With so many variables, most doctors recommend having a personal asthma action plan. This plan must be understood and followed by everyone who cares for the child--babysitters, day care staff, teachers, school nurses and camp counselors.
If all of that is not complicated enough, there is more. Most of the long-term and the quick relief medications involve not just popping a pill but using specialized devices and equipment--inhalers, spacers, discuses, compressors, peak flow meters, spirometers, nebulizers and masks.
There are many steps involved in using most of these devices properly. And a mistake means the child is not getting the proper dose and may be at risk of severe symptoms.
When emergency department staff see asthmatic children being brought in repeatedly, it's pretty easy to figure out that at least some of these children either have no long-term Asthma Action Plan or else it is not being followed as closely as it should be.
The IMPACT DC (Improving Pediatric Asthma Care in The District of Columbia) program was based on such an observation. Doctors found that very few of the children being brought in to the emergency department were going back to primary care providers who could help them re-establish daily control.
The Asthma Clinic that was established as a result made substantial use of asthma educators, reviewing with families the basics of asthma care and the need for a coordinated treatment approach involving the family, school nurses, pharmacists and subspeciality doctors and nurses.
A study found that subjects at the clinic had dramatically fewer emergency department visits, significantly better use of daily controller medications and dramatic improvements in asthma-related quality of life.

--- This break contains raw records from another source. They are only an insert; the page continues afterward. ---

(* In the setting below, assume additionally that $\|\kappa(\xi)\|_{C^1(\bar D)}\le\kappa_{\sup}^*$ for all $\xi\in\Xi$ and some $\kappa_{\sup}^*>0$. Then $$\|\nabla g_\xi(u_1)-\nabla g_\xi(u_2)\|_{L^\infty(D)}\le\ell\Big(C_{H^2;L^\infty}\frac{C_{H^2}(\kappa_{\sup}^* )^3}{(\kappa_{\inf}^*/2)^4}\Big)^2\|u_1-u_2\|_{L^1(D)}$$ for all $u_1,u_2\in\mathcal D(\psi)$ and $\xi\in\Xi$.
   Context: Let $D\subset\mathbb R^d$, $d\in\{1,2,3\}$, be a bounded polyhedral domain, $H^{-1}(D)=H_0^1(D)^*$, $\imath:H_0^1(D)\to L^2(D)$ the compact embedding, $B=\imath^*:L^2(D)\to H^{-1}(D)$ (so $\langle Bu,v\rangle=(u,v)_{L^2}$), $B^*=\imath$. Let $\mathfrak l,\mathfrak u\in L^\infty(D)$ with $\mathfrak l\le0\le\mathfrak u$ a.e., $\beta\ge0$, $\psi(u)=\beta\|u\|_{L^1(D)}+I_{[\mathfrak l,\mathfrak u]}(u)$, $\mathcal D(\psi)=[\mathfrak l,\mathfrak u]=\{v\in L^2(D):\mathfrak l\le v\le\mathfrak u\text{ a.e.}\}$. Let $\Xi$ be a complete separable metric space and $\boldsymbol\xi$ a $\Xi$-valued random element. Assume: $J:L^2(D)\to[0,\infty)$ is convex and continuously differentiable with $\ell$-Lipschitz gradient, and $J(v)\le\varrho(\|v\|_{L^2})$ with $\varrho$ a nondecreasing polynomial; $\kappa:\Xi\to C^1(\bar D)$ is measurable with all moments $\mathbb E[\|\kappa(\boldsymbol\xi)\|_{C^1(\bar D)}^p]$ finite and $\kappa(\xi)(x)\ge\kappa_{\inf}^*>0$. For $\kappa\in C^1(\bar D)$, $\kappa>\kappa_{\inf}^*/2$, and $w\in H^{-1}(D)$ let $y(\kappa,w)\in H_0^1(D)$ solve $(\kappa\nabla y,\nabla v)_{L^2(D)^d}=\langle w,v\rangle$ for all $v\in H_0^1(D)$; let $C_{H^2}>0$ be a constant with $\|y(\kappa,Bu)\|_{H^2(D)}\le C_{H^2}\|\kappa\|_{C^1(\bar D)}^3(\kappa_{\inf}^*/2)^{-4}\|u\|_{L^2(D)}$ for all such $\kappa$ and $u\in L^2(D)$. Let $C_{H^2;L^\infty}$ be the embedding constant of $H^2(D)\hookrightarrow L^\infty(D)$. Set $S(w,\xi)=y(\kappa(\xi),w)$ and $g_\xi(u)=J(B^*S(Bu,\xi))$ for $u\in L^2(D)$; $\nabla g_\xi$ is its $L^2(D)$-gradient. *)

theory Defs
  imports "HOL-Probability.Probability" "HOL-Computational_Algebra.Polynomial"
begin

definition polyhedral_domain :: "'a::euclidean_space set \<Rightarrow> bool" where
  "polyhedral_domain D \<longleftrightarrow> open D \<and> connected D \<and> bounded D \<and> D \<noteq> {} \<and>
     interior (closure D) = D \<and>
     (\<exists>P. finite P \<and> (\<forall>p\<in>P. polytope p) \<and> closure D = \<Union>P)"

section \<open>Lebesgue spaces on D (functions modulo a.e. equality are represented by functions)\<close>

definition L2 :: "'a::euclidean_space set \<Rightarrow> ('a \<Rightarrow> real) \<Rightarrow> bool" where
  "L2 D f \<longleftrightarrow> f \<in> borel_measurable (lebesgue_on D) \<and>
     integrable (lebesgue_on D) (\<lambda>x. (f x)\<^sup>2)"

definition L2sq :: "'a::euclidean_space set \<Rightarrow> ('a \<Rightarrow> real) \<Rightarrow> real" where
  "L2sq D f = (LINT x|lebesgue_on D. (f x)\<^sup>2)"

definition L2norm :: "'a::euclidean_space set \<Rightarrow> ('a \<Rightarrow> real) \<Rightarrow> real" where
  "L2norm D f = sqrt (L2sq D f)"

definition L2inner :: "'a::euclidean_space set \<Rightarrow> ('a \<Rightarrow> real) \<Rightarrow> ('a \<Rightarrow> real) \<Rightarrow> real" where
  "L2inner D f g = (LINT x|lebesgue_on D. f x * g x)"

definition L1norm :: "'a::euclidean_space set \<Rightarrow> ('a \<Rightarrow> real) \<Rightarrow> real" where
  "L1norm D f = (LINT x|lebesgue_on D. \<bar>f x\<bar>)"

definition Linfnorm :: "'a::euclidean_space set \<Rightarrow> ('a \<Rightarrow> real) \<Rightarrow> ereal" where
  "Linfnorm D f = esssup (lebesgue_on D) (\<lambda>x. ereal \<bar>f x\<bar>)"

definition Linf :: "'a::euclidean_space set \<Rightarrow> ('a \<Rightarrow> real) \<Rightarrow> bool" where
  "Linf D f \<longleftrightarrow> f \<in> borel_measurable (lebesgue_on D) \<and> Linfnorm D f < \<infinity>"

definition dpart :: "'a::euclidean_space \<Rightarrow> ('a \<Rightarrow> real) \<Rightarrow> 'a \<Rightarrow> real" where
  "dpart i f x = frechet_derivative f (at x) i"

fun iter_dpart :: "'a::euclidean_space list \<Rightarrow> ('a \<Rightarrow> real) \<Rightarrow> 'a \<Rightarrow> real" where
  "iter_dpart [] f = f"
| "iter_dpart (i # is) f = dpart i (iter_dpart is f)"

definition smooth :: "('a::euclidean_space \<Rightarrow> real) \<Rightarrow> bool" where
  "smooth f \<longleftrightarrow> (\<forall>is. set is \<subseteq> Basis \<longrightarrow>
      (\<forall>x. iter_dpart is f differentiable (at x)) \<and> continuous_on UNIV (iter_dpart is f))"

definition test_fun :: "'a::euclidean_space set \<Rightarrow> ('a \<Rightarrow> real) \<Rightarrow> bool" where
  "test_fun D \<phi> \<longleftrightarrow> smooth \<phi> \<and> compact (closure {x. \<phi> x \<noteq> 0}) \<and> closure {x. \<phi> x \<noteq> 0} \<subseteq> D"

definition weak_deriv :: "'a::euclidean_space set \<Rightarrow> ('a \<Rightarrow> real) \<Rightarrow> 'a \<Rightarrow> ('a \<Rightarrow> real) \<Rightarrow> bool" where
  "weak_deriv D u i v \<longleftrightarrow> (\<forall>\<phi>. test_fun D \<phi> \<longrightarrow>
      (LINT x|lebesgue_on D. u x * dpart i \<phi> x) = - (LINT x|lebesgue_on D. v x * \<phi> x))"

definition wgrad :: "'a::euclidean_space set \<Rightarrow> ('a \<Rightarrow> real) \<Rightarrow> ('a \<Rightarrow> 'a \<Rightarrow> real) \<Rightarrow> bool" where
  "wgrad D u g \<longleftrightarrow> (\<forall>i\<in>Basis. L2 D (g i) \<and> weak_deriv D u i (g i))"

The clinic was considered not an end in itself but a means to an end--greater understanding by the patient and his or her family about the importance of day-to-day self management in order to prevent short-term flare-ups.
It all starts with education -- how and why to monitor your breathing and take control medications even when you don't have symptoms. The many devices used by the patient are designed to make asthma control easier, but they do so only if they are used properly. The best way to learn is to have a health professional demonstrate proper use, then have you demonstrate back to them to make sure you have it right.
As frightening as the symptoms may be when an attack occurs, it's possible to go through life with few emergencies and a normal quality of life.
This information was submitted by Northeastern Vermont Regional Hospital in St. Johnsbury and is meant to complement, not replace, the advice and care you receive from your health care provider.